The apparent closeness of the race - and the uncertainty of the polls - is the reason both campaigns are urging their people to get themselves and others to the polls.
"Pretend you're one point down," Trump told supporters Sunday at his Madison Square Garden rally.
Harris and allies have delivered similar messages to their voters, and the vice president has expressed confidence in the outcome.
"My internal polling is my instinct,” Harris told reporters while campaigning in Philadelphia. “I let the campaign people deal with all that other stuff, and I am responding to what I’m seeing.”
She added: “It’s very exciting, and the momentum is with us."
The battleground states that will decide the election - including the trio of Pennsylvania, Michigan, and Wisconsin - are also quite close, and Trump backers believe that their "hidden vote" is still a big factor.
In Pennsylvania, the Real Clear Politics average gives Trump a lead of 0.5% - at this time eight years ago, he trailed Clinton in the Keystone State by 5 percentage points but nonetheless carried it, barely, on Election Day.
In Michigan, Trump has an 0.1 point lead in the RCP average.
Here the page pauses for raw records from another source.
lemma f_newton_mono_le_one: "x \<le> y \<Longrightarrow> y \<le> 1 \<Longrightarrow> f_newton x \<le> f_newton y"
  using f_newton_diff[of y x] mult_nonneg_nonneg[of "y - x" "2 - x - y"] by linarith

lemma f_newton_ge_between: "c \<le> y \<Longrightarrow> y \<le> 2 - c \<Longrightarrow> f_newton c \<le> f_newton y"
  using f_newton_diff[of y c] mult_nonneg_nonneg[of "y - c" "2 - c - y"] by linarith

lemma nth_sort_map_f_newton:
  fixes \<mu> :: "real list"
  assumes sorted: "sorted \<mu>" and "1 \<le> k" and "k < length \<mu>"
    and below: "\<mu> ! (k - 1) \<le> c" and above: "c \<le> \<mu> ! k" and "c < 1"
    and top: "\<mu> ! (length \<mu> - 1) \<le> 2 - c"
    and "j < k"
  shows "sort (map f_newton \<mu>) ! j = f_newton (\<mu> ! j)"
proof (rule nth_sort_map_sorted_prefix)
  have prefix: "x \<le> c" if x: "x \<in> set (take k \<mu>)" for x
  proof -
    obtain i where "i < k" "x = \<mu> ! i" using x \<open>k < length \<mu>\<close> by (auto simp: in_set_conv_nth)
    moreover have "\<mu> ! i \<le> \<mu> ! (k - 1)"
      using \<open>i < k\<close> \<open>k < length \<mu>\<close> by (intro sorted_nth_mono[OF sorted]) auto
    ultimately show ?thesis using below by simp
  qed
  have suffix: "c \<le> y \<and> y \<le> 2 - c" if y: "y \<in> set (drop k \<mu>)" for y
  proof -
    obtain i where i: "i < length \<mu> - k" "y = \<mu> ! (k + i)" using y by (auto simp: in_set_conv_nth)
    then have "\<mu> ! k \<le> \<mu> ! (k + i)" "\<mu> ! (k + i) \<le> \<mu> ! (length \<mu> - 1)"
      by (auto intro: sorted_nth_mono[OF sorted])
    then show ?thesis using i above top by simp
  qed
  show "sorted (map f_newton (take k \<mu>))"
    unfolding sorted_map
    by (rule sorted_wrt_mono_rel[OF _ sorted_wrt_take[OF sorted]])
      (use prefix \<open>c < 1\<close> in \<open>force intro: f_newton_mono_le_one\<close>)
  show "f_newton x \<le> f_newton y" if "x \<in> set (take k \<mu>)" "y \<in> set (drop k \<mu>)" for x y
  proof -
    have "f_newton x \<le> f_newton c" using prefix[OF that(1)] \<open>c < 1\<close> by (simp add: f_newton_mono_le_one)
    also have "\<dots> \<le> f_newton y"
      using suffix[OF that(2)] by (intro f_newton_ge_between) auto
    finally show ?thesis .
  qed
qed (use assms in auto)

theorem theorem2p3:
  fixes n k :: nat and A :: "real mat" and \<alpha> \<beta> \<xi> \<eta> \<zeta> :: real
  assumes "n > 0"
    and "spd_mat n A"
    and "\<alpha> = eigs A ! 0" and "\<beta> = eigs A ! (n - 1)"
    and "\<xi> \<ge> 0" and "\<eta> = 1 / (1 + \<xi>)" and "\<zeta> = 2 * \<eta> / (\<alpha> + \<beta>)"
    and "2 * \<eta> * \<alpha> / (\<alpha> + \<beta>) + 2 * (1 - \<eta>) < 1"
    and "1 \<le> k" and "k + 1 \<le> n"
    and "eigs (\<zeta> \<cdot>\<^sub>m A) ! (k - 1) \<le> 2 * \<eta> * \<alpha> / (\<alpha> + \<beta>) + 2 * (1 - \<eta>)"
    and "2 * \<eta> * \<alpha> / (\<alpha> + \<beta>) + 2 * (1 - \<eta>) \<le> eigs (\<zeta> \<cdot>\<^sub>m A) ! k"
  shows "\<forall>j \<in> {1..k}.
     eigs ((2 * \<zeta> \<cdot>\<^sub>m 1\<^sub>m n - \<zeta>^2 \<cdot>\<^sub>m A) * A) ! (j - 1)
       = f_newton (eigs (\<zeta> \<cdot>\<^sub>m A) ! (j - 1))"
proof -
  define c where "c = 2 * \<eta> * \<alpha> / (\<alpha> + \<beta>) + 2 * (1 - \<eta>)"
  obtain rs where cp: "char_poly A = (\<Prod>r\<leftarrow>rs. [:-r, 1:])" and len: "length rs = n"
    and "sorted rs" and pos: "\<forall>r \<in> set rs. r > 0"
    by (rule spd_mat_char_poly_factorized[OF \<open>spd_mat n A\<close>])
  have A: "A \<in> carrier_mat n n" using \<open>spd_mat n A\<close> unfolding spd_mat_def by simp
  have "eigs A = rs" using eigs_eq_sort[OF cp] \<open>sorted rs\<close> by (simp add: sorted_sort_id)
  then have \<alpha>: "\<alpha> = rs ! 0" and \<beta>: "\<beta> = rs ! (n - 1)" using assms(3,4) by simp_all
  then have "\<alpha> > 0" "\<beta> > 0" using pos len \<open>n > 0\<close> by simp_all
  moreover have "\<eta> > 0" using assms(5,6) by simp
  ultimately have "\<zeta> > 0" and \<zeta>\<beta>: "\<zeta> * \<beta> = 2 - c"
    unfolding assms(7) c_def by (simp_all add: field_simps)
  define \<mu> where "\<mu> = map ((*) \<zeta>) rs"
  have "sorted \<mu>"
    using \<open>sorted rs\<close> \<open>\<zeta> > 0\<close> unfolding \<mu>_def sorted_map by (auto elim: sorted_wrt_mono_rel[rotated])
  then have eigs_\<zeta>A: "eigs (\<zeta> \<cdot>\<^sub>m A) = \<mu>"
    using eigs_smult[OF A cp] by (simp add: \<mu>_def sorted_sort_id)
  have "eigs ((2 * \<zeta> \<cdot>\<^sub>m 1\<^sub>m n - \<zeta>^2 \<cdot>\<^sub>m A) * A) = sort (map f_newton \<mu>)"
    unfolding eigs_newton_step[OF A cp] \<mu>_def
    by (simp add: o_def f_newton_def algebra_simps power2_eq_square)
  moreover have "\<mu> ! (length \<mu> - 1) \<le> 2 - c"
    using \<zeta>\<beta> \<beta> len \<open>n > 0\<close> by (simp add: \<mu>_def)
  ultimately show ?thesis
    using nth_sort_map_f_newton[OF \<open>sorted \<mu>\<close> \<open>1 \<le> k\<close>] assms(8-12) len
    unfolding eigs_\<zeta>A c_def[symmetric] by (auto simp: \<mu>_def)
qed

end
Four years ago, Biden led the survey by 8.6 percentage points, while eight years ago, Clinton held a seven-point lead. Trump narrowly lost Michigan in 2020, and narrowly won it in 2016.
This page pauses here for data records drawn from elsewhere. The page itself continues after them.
lemma simulates_compose_stuck:
  assumes pq: "simulates D F p q" and qr: "simulates D F q r"
    and p_stuck: "\<nexists>p'. step D p a p'" and r': "step D r a r'"
  shows "\<not> can_accept D F r'"
proof (cases "\<exists>q1. step D q a q1")
  case True
  then obtain q1 where "step D q a q1" by blast
  from simulates_move[OF qr this] obtain q' where q': "step D q a q'"
    and "\<forall>r'. step D r a r' \<longrightarrow> (fst r' \<in> F \<longrightarrow> fst q' \<in> F) \<and> simulates D F q' r'"
    by blast
  then have "fst r' \<in> F \<longrightarrow> fst q' \<in> F" and "simulates D F q' r'"
    using r' by blast+
  moreover have "\<not> can_accept D F q'"
    using simulates_stuck[OF pq p_stuck q'] .
  ultimately show ?thesis using simulates_can_accept by blast
next
  case False
  show ?thesis using simulates_stuck[OF qr False r'] .
qed

lemma simulates_trans:
  assumes "simulates D F p q" and "simulates D F q r"
  shows "simulates D F p r"
proof -
  \<comment> \<open>The second disjunct covers the plays in which the middle token gets stuck.\<close>
  define S where "S p r \<longleftrightarrow> (\<exists>q. simulates D F p q \<and> simulates D F q r) \<or> \<not> can_accept D F r"
    for p r
  have "S p r" using assms unfolding S_def by blast
  then show ?thesis
  proof (rule simulates_coinduct)
    fix p r assume "S p r"
    then consider (dead) "\<not> can_accept D F r"
      | (chain) q where "simulates D F p q" and "simulates D F q r"
      unfolding S_def by blast
    then show "sim_round D F S p r"
    proof cases
      case dead
      have dead': "\<not> can_accept D F r'" if "step D r a r'" for a r'
        using dead step_can_accept[OF that] by blast
      then have "(fst r' \<in> F \<longrightarrow> fst p' \<in> F) \<and> S p' r'" if "step D r a r'" for a r' p'
        using that final_can_accept unfolding S_def by blast
      then show ?thesis using dead' by (blast intro: sim_roundI)
    next
      case chain
      show ?thesis
      proof (rule sim_roundI)
        show "\<exists>p'. step D p a p' \<and> (\<forall>r'. step D r a r' \<longrightarrow> (fst r' \<in> F \<longrightarrow> fst p' \<in> F) \<and> S p' r')"
          if "step D p a p1" for a p1
          using simulates_compose_move[OF chain that] unfolding S_def .
        show "\<not> can_accept D F r'" if "\<nexists>p'. step D p a p'" and "step D r a r'" for a r'
          using simulates_compose_stuck[OF chain that] .
      qed
    qed
  qed
qed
And what about Wisconsin? Trump has a lead of 0.3 percentage points in the RCP average. Biden led the state by 6.4 points in the poll averaging four years ago, and barely won the state. Clinton led by 6 percentage points in 2016, and Trump barely won the state.
Trump promotes - and exaggerates - his poll numbers, while Democrats project a different story when the voting is complete.
"Here is a prediction," said pro-Harris political commentator Matthew Dowd, speaking on the X social media site. "Watch every one of poll aggregators/election predictors shift their models this week to favor Harris ... They have been wrong for a month."